Both federal and state laws apply to securities transactions. Federal law applies to any security sold in "interstate commerce." Courts have defined "interstate commerce" very broadly to cover transactions involving the US mails and even intrastate telephone calls. Although federal law is becoming more preeminent in this area, state "blue sky laws" and registration requirements still apply. Generally, the federal securities laws require you to either register a security with the government or have an exemption from registration under the law. Additionally, anti-fraud provisions apply to any securities transaction. That means that even if you have a registration exemption, you still must comply with the anti-fraud provisions. You must disclose any information that a prudent investor would find "material" in making a decision to invest.

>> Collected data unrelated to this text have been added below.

(* Let $\mathcal{C}$ be a Fraïssé class of finite structures over a finite relational language, all of whose members are rigid, with Fraïssé limit $M$, and suppose that $\mathcal{C}$ contains exactly one $2$-element structure up to isomorphism. Then either $M$ has a reduct which is a total order, or there exist $A,B\in\mathcal{C}$ with $|A|=2$ and $|B|=3$ such that for every $C\in\mathcal{C}$ there is a $2$-colouring of the embeddings $A\to C$ for which no embedding $B\to C$ is monochromatic (so $\mathcal{C}$ is not a Ramsey class).
   Context: All structures are non-empty, and classes are closed under isomorphism and hereditary. A Fraïssé class is a hereditary class with the joint embedding and amalgamation properties; its Fraïssé limit is the unique countable homogeneous structure with age $\mathcal{C}$. A reduct of $M$ which is a total order means a strict total order on the domain of $M$ definable in $M$ by a first-order formula without parameters. An embedding $g:B\to C$ is monochromatic for a colouring of the embeddings $A\to C$ if all embeddings $A\to C$ with image contained in the image of $g$ get the same colour. $\mathcal{C}$ is a Ramsey class if for all $A,B\in\mathcal{C}$ there is $C\in\mathcal{C}$ such that every $2$-colouring of the embeddings $A\to C$ admits a monochromatic embedding $B\to C$. *)

theory Defs
  imports "HOL-Library.FuncSet"
begin

text \<open>Elements are natural numbers (every finite or countable
  structure has an isomorphic copy on nat).\<close>

record 'r rstruct =
  dom :: "nat set"
  rel :: "'r \<Rightarrow> nat list \<Rightarrow> bool"

definition is_struct :: "'r set \<Rightarrow> ('r \<Rightarrow> nat) \<Rightarrow> 'r rstruct \<Rightarrow> bool" where
  "is_struct L ar A \<longleftrightarrow> dom A \<noteq> {} \<and>
     (\<forall>R xs. rel A R xs \<longrightarrow> R \<in> L \<and> length xs = ar R \<and> set xs \<subseteq> dom A)"

definition emb :: "'r set \<Rightarrow> 'r rstruct \<Rightarrow> 'r rstruct \<Rightarrow> (nat \<Rightarrow> nat) set" where
  "emb L A B = {f \<in> dom A \<rightarrow>\<^sub>E dom B. inj_on f (dom A) \<and>
     (\<forall>R\<in>L. \<forall>xs. set xs \<subseteq> dom A \<longrightarrow> (rel A R xs \<longleftrightarrow> rel B R (map f xs)))}"

definition iso :: "'r set \<Rightarrow> 'r rstruct \<Rightarrow> 'r rstruct \<Rightarrow> (nat \<Rightarrow> nat) set" where
  "iso L A B = {f \<in> emb L A B. f ` dom A = dom B}"

definition isomorphic :: "'r set \<Rightarrow> 'r rstruct \<Rightarrow> 'r rstruct \<Rightarrow> bool" where
  "isomorphic L A B \<longleftrightarrow> iso L A B \<noteq> {}"

definition rigid :: "'r set \<Rightarrow> 'r rstruct \<Rightarrow> bool" where
  "rigid L A \<longleftrightarrow> (\<forall>f\<in>iso L A A. \<forall>x\<in>dom A. f x = x)"

definition substr :: "'r rstruct \<Rightarrow> nat set \<Rightarrow> 'r rstruct" where
  "substr A S = \<lparr>dom = S, rel = (\<lambda>R xs. rel A R xs \<and> set xs \<subseteq> S)\<rparr>"

definition hereditary_class :: "'r set \<Rightarrow> ('r \<Rightarrow> nat) \<Rightarrow> 'r rstruct set \<Rightarrow> bool" where
  "hereditary_class L ar \<C> \<longleftrightarrow>
     (\<forall>A\<in>\<C>. is_struct L ar A \<and> finite (dom A)) \<and>
     (\<forall>A\<in>\<C>. \<forall>B. is_struct L ar B \<and> isomorphic L A B \<longrightarrow> B \<in> \<C>) \<and>
     (\<forall>A\<in>\<C>. \<forall>S. S \<subseteq> dom A \<and> S \<noteq> {} \<longrightarrow> substr A S \<in> \<C>)"

definition JEP :: "'r set \<Rightarrow> 'r rstruct set \<Rightarrow> bool" where
  "JEP L \<C> \<longleftrightarrow> (\<forall>A\<in>\<C>. \<forall>B\<in>\<C>. \<exists>D\<in>\<C>. emb L A D \<noteq> {} \<and> emb L B D \<noteq> {})"

definition AP :: "'r set \<Rightarrow> 'r rstruct set \<Rightarrow> bool" where
  "AP L \<C> \<longleftrightarrow> (\<forall>A\<in>\<C>. \<forall>B1\<in>\<C>. \<forall>B2\<in>\<C>. \<forall>f1\<in>emb L A B1. \<forall>f2\<in>emb L A B2.
      \<exists>D\<in>\<C>. \<exists>g1\<in>emb L B1 D. \<exists>g2\<in>emb L B2 D. \<forall>x\<in>dom A. g1 (f1 x) = g2 (f2 x))"

definition fraisse_class :: "'r set \<Rightarrow> ('r \<Rightarrow> nat) \<Rightarrow> 'r rstruct set \<Rightarrow> bool" where
  "fraisse_class L ar \<C> \<longleftrightarrow> \<C> \<noteq> {} \<and> hereditary_class L ar \<C> \<and> JEP L \<C> \<and> AP L \<C>"

definition age :: "'r set \<Rightarrow> ('r \<Rightarrow> nat) \<Rightarrow> 'r rstruct \<Rightarrow> 'r rstruct set" where
  "age L ar M = {A. is_struct L ar A \<and> finite (dom A) \<and> emb L A M \<noteq> {}}"

definition homogeneous :: "'r set \<Rightarrow> 'r rstruct \<Rightarrow> bool" where
  "homogeneous L M \<longleftrightarrow> (\<forall>S T h. S \<subseteq> dom M \<and> T \<subseteq> dom M \<and> finite S \<and> S \<noteq> {} \<and>
      h \<in> iso L (substr M S) (substr M T) \<longrightarrow>
      (\<exists>\<sigma>\<in>iso L M M. \<forall>x\<in>S. \<sigma> x = h x))"

text \<open>Fraisse limit: countable (automatic, elements are nat) homogeneous structure with age C.\<close>
definition fraisse_limit :: "'r set \<Rightarrow> ('r \<Rightarrow> nat) \<Rightarrow> 'r rstruct set \<Rightarrow> 'r rstruct \<Rightarrow> bool" where
  "fraisse_limit L ar \<C> M \<longleftrightarrow> is_struct L ar M \<and> homogeneous L M \<and> age L ar M = \<C>"

datatype 'r fo =
    FEq nat nat
  | FRel 'r "nat list"
  | FNeg "'r fo"
  | FAnd "'r fo" "'r fo"
  | FEx nat "'r fo"

fun fv :: "'r fo \<Rightarrow> nat set" where
  "fv (FEq i j) = {i, j}"
| "fv (FRel R vs) = set vs"
| "fv (FNeg \<phi>) = fv \<phi>"
| "fv (FAnd \<phi> \<psi>) = fv \<phi> \<union> fv \<psi>"
| "fv (FEx v \<phi>) = fv \<phi> - {v}"

fun syms :: "'r fo \<Rightarrow> 'r set" where
  "syms (FEq i j) = {}"
| "syms (FRel R vs) = {R}"
| "syms (FNeg \<phi>) = syms \<phi>"
| "syms (FAnd \<phi> \<psi>) = syms \<phi> \<union> syms \<psi>"
| "syms (FEx v \<phi>) = syms \<phi>"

Because the registration process can be expensive and time-consuming, start-ups and small companies usually look for an exemption. An exemption from registration may be available depending on the situation. Generally, availability of a registration exemption depends on several features of the transaction. The type of sale is important, whether it is an intrastate or interstate transaction. Also, some exemptions depend on whether the sale is of a certain size (not more than $5 million). The number and type of investors involved is important (i.e., "accredited," "nonaccredited" or employee investors). The amount of sales activity over a certain period (i.e., within a year) is also used to figure out if an exemption is available. Additionally, the laws restrict the manner and nature of any advertising or solicitation that may be done concerning a securities transaction.
Entrepreneurs should always get legal advice about federal and state securities laws before offering, selling or issuing any securities. Failure to comply with these laws can result in serious consequences, including both civil and criminal penalties. Besides those problems, a company history that includes blunders in this area may scare away future investors.

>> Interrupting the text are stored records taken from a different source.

lemma eigenvalue_twofold_iff:
  "eigenvalue (V \<times> {0,1}) M \<mu> \<longleftrightarrow> eigenvalue V A (\<mu>/2) \<or> eigenvalue V B (\<mu>/2)"
proof
  show "eigenvalue V A (\<mu>/2) \<or> eigenvalue V B (\<mu>/2)" if "eigenvalue (V \<times> {0,1}) M \<mu>"
    using eigenvalue_twofold_cases[OF that] .
  show "eigenvalue (V \<times> {0,1}) M \<mu>" if "eigenvalue V A (\<mu>/2) \<or> eigenvalue V B (\<mu>/2)"
    using that eigenvalue_twofold_lift_fst eigenvalue_twofold_lift_snd by fastforce
qed

lemma spec_radius_twofold_le:
  assumes "spec_radius V A \<le> b" and "spec_radius V B \<le> b" and "0 \<le> b"
  shows "spec_radius (V \<times> {0,1}) M \<le> 2 * b"
proof -
  have "{cmod \<mu> | \<mu>. eigenvalue (V \<times> {0,1}) M \<mu>}
      = (\<lambda>r. 2 * r) ` ({cmod \<mu> | \<mu>. eigenvalue V A \<mu>} \<union> {cmod \<mu> | \<mu>. eigenvalue V B \<mu>})"
  proof (intro equalityI subsetI)
    fix r assume "r \<in> {cmod \<mu> | \<mu>. eigenvalue (V \<times> {0,1}) M \<mu>}"
    then obtain \<mu> where "r = 2 * cmod (\<mu>/2)" and "eigenvalue V A (\<mu>/2) \<or> eigenvalue V B (\<mu>/2)"
      using eigenvalue_twofold_iff by (auto simp: norm_divide)
    then show "r \<in> (\<lambda>r. 2 * r) ` ({cmod \<mu> | \<mu>. eigenvalue V A \<mu>} \<union> {cmod \<mu> | \<mu>. eigenvalue V B \<mu>})"
      by blast
  next
    fix r assume "r \<in> (\<lambda>r. 2 * r) ` ({cmod \<mu> | \<mu>. eigenvalue V A \<mu>} \<union> {cmod \<mu> | \<mu>. eigenvalue V B \<mu>})"
    then obtain \<nu> where r: "r = cmod (2 * \<nu>)" and "eigenvalue V A \<nu> \<or> eigenvalue V B \<nu>"
      by (auto simp: norm_mult)
    then have "eigenvalue (V \<times> {0,1}) M (2 * \<nu>)" using eigenvalue_twofold_iff by simp
    then show "r \<in> {cmod \<mu> | \<mu>. eigenvalue (V \<times> {0,1}) M \<mu>}" using r by blast
  qed
  then show ?thesis
    using Max_scaled_Un_le[of _ b _ 2] assms unfolding spec_radius_def by simp
qed

end

definition lex_sign :: "'a set set \<Rightarrow> ('a set \<Rightarrow> real) \<Rightarrow> ('a set \<Rightarrow> real) \<Rightarrow> ('a \<times> nat) set \<Rightarrow> real"
  where "lex_sign E1 \<sigma>1 \<sigma>2 e =
    (if fst ` e \<in> E1 then \<sigma>1 (fst ` e)
     else if card (snd ` e) = 2 then - \<sigma>2 (fst ` e) else \<sigma>2 (fst ` e))"

lemma lex_edges_K2bar_iff:
  assumes "x \<in> V" "z \<in> V" "y \<in> K2bar_V" "t \<in> K2bar_V"
  shows "{(x,y),(z,t)} \<in> lex_edges V E K2bar_V K2bar_E \<longleftrightarrow> {x,z} \<in> E"
proof
  assume "{(x,y),(z,t)} \<in> lex_edges V E K2bar_V K2bar_E"
  then obtain x' y' z' t' where e: "{(x,y),(z,t)} = {(x',y'),(z',t')}" and "{x',z'} \<in> E"
    unfolding lex_edges_def K2bar_E_def by auto
  moreover have "{x,z} = {x',z'}" using e by (auto simp: doubleton_eq_iff)
  ultimately show "{x,z} \<in> E" by simp
next
  assume "{x,z} \<in> E"
  then show "{(x,y),(z,t)} \<in> lex_edges V E K2bar_V K2bar_E"
    using assms unfolding lex_edges_def by blast
qed

lemma signed_adj_lex_sign:
  assumes "E1 \<inter> E2 = {}" "E1 \<union> E2 = E"
    and "x \<in> V" "z \<in> V" "y \<in> K2bar_V" "t \<in> K2bar_V"
  shows "signed_adj (lex_edges V E K2bar_V K2bar_E) (lex_sign E1 \<sigma>1 \<sigma>2) (x,y) (z,t)
     = signed_adj E1 \<sigma>1 x z + (if y = t then signed_adj E2 \<sigma>2 x z else - signed_adj E2 \<sigma>2 x z)"
proof -
  have "fst ` {(x,y),(z,t)} = {x,z}" "snd ` {(x,y),(z,t)} = {y,t}" by auto
  moreover have "card {y,t} = 2 \<longleftrightarrow> y \<noteq> t" by (cases "y = t") auto
  ultimately show ?thesis
    using assms unfolding signed_adj_def lex_edges_K2bar_iff[OF assms(3-6)] lex_sign_def by auto
qed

Be persistent in looking for investment dollars. Marketable ideas and solid management teams attract investment interests. For a start-up, however, you will need to find initial investors who are patient. They should not be overly concerned with liquidity, or the ability to sell the company’s securities. Without the advantages of public trading, the company’s initial investors will not have access to a readily available aftermarket. Whether the initial investors are family and friends, employees, larger companies, or others, your objective is the same: to persistently seek out and find other people who are willing to put their money into your adventure.